TASK INPUT:
(* Let $P\in(1,+\infty)$ and let $\mathcal{A}\subset\mathbb{N}^k$ be finite. Then $$\left(\sum_{\mathbf{a}\in\mathcal{A}}\frac{W_{k+1}^P(\mathbf{a})}{a_1\cdots a_k}\right)^{1/P}\left(\frac{1}{(\log2)^k}\sum_{\mathbf{a}\in\mathcal{A}}\frac{L^{(k+1)}(\mathbf{a})}{a_1\cdots a_k}\right)^{1-1/P}\ge\sum_{\mathbf{a}\in\mathcal{A}}\frac{\tau_{k+1}(\mathbf{a})}{a_1\cdots a_k}.$$
   Context: For $\mathbf{a}=(a_1,\dots,a_k)\in\mathbb{N}^k$: $\tau_{k+1}(\mathbf{a})=|\{(d_1,\dots,d_k)\in\mathbb{N}^k: d_1\cdots d_i\mid a_1\cdots a_i\ (1\le i\le k)\}|$; $L^{(k+1)}(\mathbf{a})$ is the $k$-dimensional Lebesgue measure of $\bigcup[\log(d_1/2),\log d_1)\times\cdots\times[\log(d_k/2),\log d_k)$ over all such $(d_1,\dots,d_k)$; and $$W_{k+1}^P(\mathbf{a})=\sum_{\substack{d_1\cdots d_i\mid a_1\cdots a_i\\1\le i\le k}}\left(\sum_{\substack{d_1'\cdots d_i'\mid a_1\cdots a_i\\|\log(d_i'/d_i)|<\log2\\1\le i\le k}}1\right)^{P-1},$$ where all $d_i,d_i'$ are positive integers. *)

theory Defs
  imports "HOL-Analysis.Analysis" "HOL-Probability.Probability"
begin

text \<open>Vectors in N^k are represented as lists of positive naturals of length k
  (paper index i = list index i-1).\<close>

definition pos_vecs :: "nat \<Rightarrow> nat list set" where
  "pos_vecs k = {a. length a = k \<and> (\<forall>x\<in>set a. 0 < x)}"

EXERCISE DESCRIPTION:
Copy each entry exactly.

REPLY:
(* Let $P\in(1,+\infty)$ and let $\mathcal{A}\subset\mathbb{N}^k$ be finite. Then $$\left(\sum_{\mathbf{a}\in\mathcal{A}}\frac{W_{k+1}^P(\mathbf{a})}{a_1\cdots a_k}\right)^{1/P}\left(\frac{1}{(\log2)^k}\sum_{\mathbf{a}\in\mathcal{A}}\frac{L^{(k+1)}(\mathbf{a})}{a_1\cdots a_k}\right)^{1-1/P}\ge\sum_{\mathbf{a}\in\mathcal{A}}\frac{\tau_{k+1}(\mathbf{a})}{a_1\cdots a_k}.$$
   Context: For $\mathbf{a}=(a_1,\dots,a_k)\in\mathbb{N}^k$: $\tau_{k+1}(\mathbf{a})=|\{(d_1,\dots,d_k)\in\mathbb{N}^k: d_1\cdots d_i\mid a_1\cdots a_i\ (1\le i\le k)\}|$; $L^{(k+1)}(\mathbf{a})$ is the $k$-dimensional Lebesgue measure of $\bigcup[\log(d_1/2),\log d_1)\times\cdots\times[\log(d_k/2),\log d_k)$ over all such $(d_1,\dots,d_k)$; and $$W_{k+1}^P(\mathbf{a})=\sum_{\substack{d_1\cdots d_i\mid a_1\cdots a_i\\1\le i\le k}}\left(\sum_{\substack{d_1'\cdots d_i'\mid a_1\cdots a_i\\|\log(d_i'/d_i)|<\log2\\1\le i\le k}}1\right)^{P-1},$$ where all $d_i,d_i'$ are positive integers. *)

theory Defs
  imports "HOL-Analysis.Analysis" "HOL-Probability.Probability"
begin

text \<open>Vectors in N^k are represented as lists of positive naturals of length k
  (paper index i = list index i-1).\<close>

definition pos_vecs :: "nat \<Rightarrow> nat list set" where
  "pos_vecs k = {a. length a = k \<and> (\<forall>x\<in>set a. 0 < x)}"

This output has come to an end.